Нет сомнения, что граф Л. Н. Толстой и примыкающие к нему моралисты совсем не призывают к такому полному несопротивлению, которое было бы равносильно добровольному нравственному саморазвращению. И неправ был бы тот, кто попытался бы понять их в этом смысле. Напротив, их идея состоит именно в том, что борьба со злом необходима, но что ее целиком следует перенести во внутренний мир человека, и притом именно того человека, который сам в себе эту борьбу ведет; такой борец со злом может найти в их писаниях даже целый ряд полезных советов. «Непротивление», о котором они пишут и говорят, не означает внутреннюю сдачу и присоединение ко злу; наоборот, оно есть особый вид сопротивления, т. е. неприятия, осуждения, отвержения и противодействия. Их «непротивление» означает противление и борьбу, однако лишь некоторыми, излюбленными средствами. Они приемлют цель: преодоление зла,[11] но делают своеобразный выбор в путях и средствах. Их умение есть учение не столько о зле, сколько о том, как именно не следует его преодолевать.
Само собою разумеется, что только такая борющаяся природа их «непротивления» дает основание философически обсуждать их утверждения. Однако такое обсуждение не может принять ни выдвинутую ими постановку вопроса, ни тем более даваемый ими ответ.
3. О ДОБРЕ И ЗЛЕ
Проблему сопротивления злу невозможно поставить правильно, не определив сначала «местонахождение» и сущность зла.
Так, прежде всего «зло», о сопротивлении которому здесь идет речь, есть зло не внешнее, а внутреннее. Как бы ни были велики и стихийны внешние, вещественные разрушения или уничтожения, они не составляют зла: ни астральные катастрофы, ни гибнущие от землетрясения и урагана города, ни высыхающие от засухи посевы, ни затопляемые поселения, ни горящие леса. Как бы ни страдал от них человек, какие бы печальные последствия они не влекли за собою – материальная природа как таковая, даже в самых с виду нецелесообразных проявлениях своих, не становится от этого ни доброю, ни злою. Самое применение идеи зла к этим явлениям осталось в наследство от той эпохи, когда всеодушевляющее человеческое воображение усматривало живого душевно-духовного деятеля за каждым явлением природы и приписывало всякий вред какому-нибудь зложелательному вредителю. Правда, стихийные естественные бедствия могут развязать зло в человеческих душах, ибо слабые люди с трудом выносят опасность гибели, быстро деморализуются и предаются самым постыдным влечениям; однако люди, сильные духом, отвечают на внешние бедствия обратным процессом – духовным очищением и укреплением в добре, о чем достаточно свидетельствуют хотя бы дошедшие до нас исторические описания великой европейской чумы. Понятно, что внешне-материальный процесс, пробуждающий в одних душах божественные силы и развязывающий в других диавола, не является сам по себе ни добром, ни злом.

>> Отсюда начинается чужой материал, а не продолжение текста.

lemma card_Num0_inter_Fq_ge:
  fixes M :: "'a::{finite,field}^'n^'n"
  assumes q: "q = CHAR('a) ^ e" and "CARD('a) = q ^ 2" and "q mod 4 = 1" and "odd CHAR('a)"
    and "\<forall>i j. M$i$j \<in> Fq q"
    and "\<not> ((\<forall>i j. i \<noteq> j \<longrightarrow> M$i$j + M$j$i = 0) \<and> (\<forall>i j. M$i$i = M$j$j))"
  shows "(q - 1) div 2 \<le> card (Num0 q M \<inter> (Fq q - {0}))"
proof -
  have card: "card (Fq q :: 'a set) = q"
    using q \<open>CARD('a) = q ^ 2\<close> by (rule card_Fq)
  obtain \<iota> :: 'a where "\<iota> \<in> Fq q" and "\<iota> ^ 2 = -1"
    using card \<open>q mod 4 = 1\<close> by (rule Fq_sqrt_minus_one)
  moreover have "(2::'a) \<noteq> 0"
    using \<open>odd CHAR('a)\<close> by (rule two_neq_zero_if_odd_CHAR)
  ultimately obtain a where a: "a \<in> Num0 q M" "a \<in> Fq q" "a \<noteq> 0"
    using nonzero_Fq_mem_Num0[OF q] assms(5,6) by metis
  \<comment> \<open>for \<open>t \<in> Fq q\<close> the norm \<open>t ^ q * t\<close> is \<open>t ^ 2\<close>, which takes \<open>(q - 1) / 2\<close> nonzero values\<close>
  let ?A = "Fq q - {0::'a}"
  have "t ^ 2 * a \<in> Num0 q M \<inter> (Fq q - {0})" if "t \<in> ?A" for t
  proof -
    have "t ^ 2 * a = t ^ q * t * a"
      using that by (simp add: mem_Fq_iff power2_eq_square)
    thus ?thesis
      using a that Num0_mult_norm by (simp add: Fq_mult Fq_power)
  qed
  hence "card ((\<lambda>t. t ^ 2 * a) ` ?A) \<le> card (Num0 q M \<inter> (Fq q - {0}))"
    by (intro card_mono) auto
  moreover have "card ?A \<le> 2 * card ((\<lambda>t. t ^ 2 * a) ` ?A)"
  proof (rule card_le_mult_card_image)
    fix y
    have "{t\<in>?A. t ^ 2 * a = y} = {t\<in>?A. t ^ 2 = y / a}"
      using \<open>a \<noteq> 0\<close> by (auto simp: field_simps)
    thus "card {t\<in>?A. t ^ 2 * a = y} \<le> 2"
      using card_square_fiber_le[of ?A "y / a"] by simp
  qed simp
  moreover have "card ?A = q - 1"
    using card q prime_CHAR_finite_field[where 'a='a] prime_gt_0_nat
    by (simp add: card_Diff_singleton zero_mem_Fq)
  ultimately show ?thesis
    by linarith
qed

theorem corollary4:
  fixes q :: nat and M :: "'a::{finite,field}^'n^'n"
  assumes "\<exists>p e. prime p \<and> e > 0 \<and> q = p ^ e"
    and "q mod 4 = 1"
    and "CARD('a) = q ^ 2"
    and "CARD('n) \<ge> 2"
    and "\<forall>i j. M$i$j \<in> Fq q"
  shows "((\<forall>i j. i \<noteq> j \<longrightarrow> M$i$j + M$j$i = 0) \<and> (\<forall>i j. M$i$i = M$j$j) \<longrightarrow>
            (\<forall>i. \<forall>k\<in>Fq q. Numk q k M = {k * M$i$i}) \<and> 0 \<in> Num0' q M)
       \<and> (\<not> ((\<forall>i j. i \<noteq> j \<longrightarrow> M$i$j + M$j$i = 0) \<and> (\<forall>i j. M$i$i = M$j$j)) \<longrightarrow>
            card (Num0 q M \<inter> (Fq q - {0})) \<ge> (q - 1) div 2)"
proof -
  obtain p e where "prime p" and "e > 0" and "q = p ^ e"
    using assms(1) by blast
  have "CHAR('a) = p"
    using CHAR_eq_if_card_eq_prime_power[OF \<open>prime p\<close>, of "e * 2"] assms(3) \<open>q = p ^ e\<close>
    by (simp add: power_mult)
  hence q: "q = CHAR('a) ^ e"
    using \<open>q = p ^ e\<close> by simp
  have "odd q"
    using assms(2) by presburger
  hence odd_CHAR: "odd CHAR('a)"
    using \<open>e > 0\<close> q by simp
  obtain \<iota> :: 'a where "\<iota> \<in> Fq q" and "\<iota> ^ 2 = -1"
    using card_Fq[OF q assms(3)] assms(2) by (rule Fq_sqrt_minus_one)
  have "0 < q"
    using assms(2) by (rule_tac ccontr) simp
  have "0 \<in> Num0' q M" if "\<forall>i j. i \<noteq> j \<longrightarrow> M$i$j + M$j$i = 0" and "\<forall>i j. M$i$i = M$j$j"
    using two_neq_zero_if_odd_CHAR[OF odd_CHAR] assms(4) \<open>0 < q\<close> \<open>\<iota> \<in> Fq q\<close> \<open>\<iota> ^ 2 = -1\<close> that
    by (intro zero_mem_Num0'_skew_plus_scalar) (simp_all add: mem_Fq_iff)
  thus ?thesis
    using Numk_skew_plus_scalar[OF q assms(3) odd_CHAR assms(4)]
      card_Num0_inter_Fq_ge[OF q assms(3,2) odd_CHAR assms(5)]
    by (intro conjI impI allI ballI) auto
qed

end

Зло начинается там, где начинается человек, и притом именно не человеческое тело во всех его состояниях и проявлениях как таковых, а человеческий душевно-духовный мир – это истинное местонахождение добра и зла. Никакое внешнее состояние человеческого тела само по себе, никакой внешний «поступок» человека сам по себе, т. е. взятый и обсуждаемый отдельно, отрешенно от скрытого за ним или породившего его душевно-духовного состояния, – не может быть ни добрым, ни злым.
Так, телесное страдание может повести одного человека к беспредметной злобе и животному огрубению, а другого – к очищающей любви и духовной прозорливости; и понятно, что, став для первого возбудителем зла, а для второго – побудителем добра, оно само по себе не было и не стало ни злом, ни добром. Именно на этой двуликости телесных лишений и страданий настаивали мудрые стоики,[12] научая людей обезвреживать их яд и извлекать из них духовное целение.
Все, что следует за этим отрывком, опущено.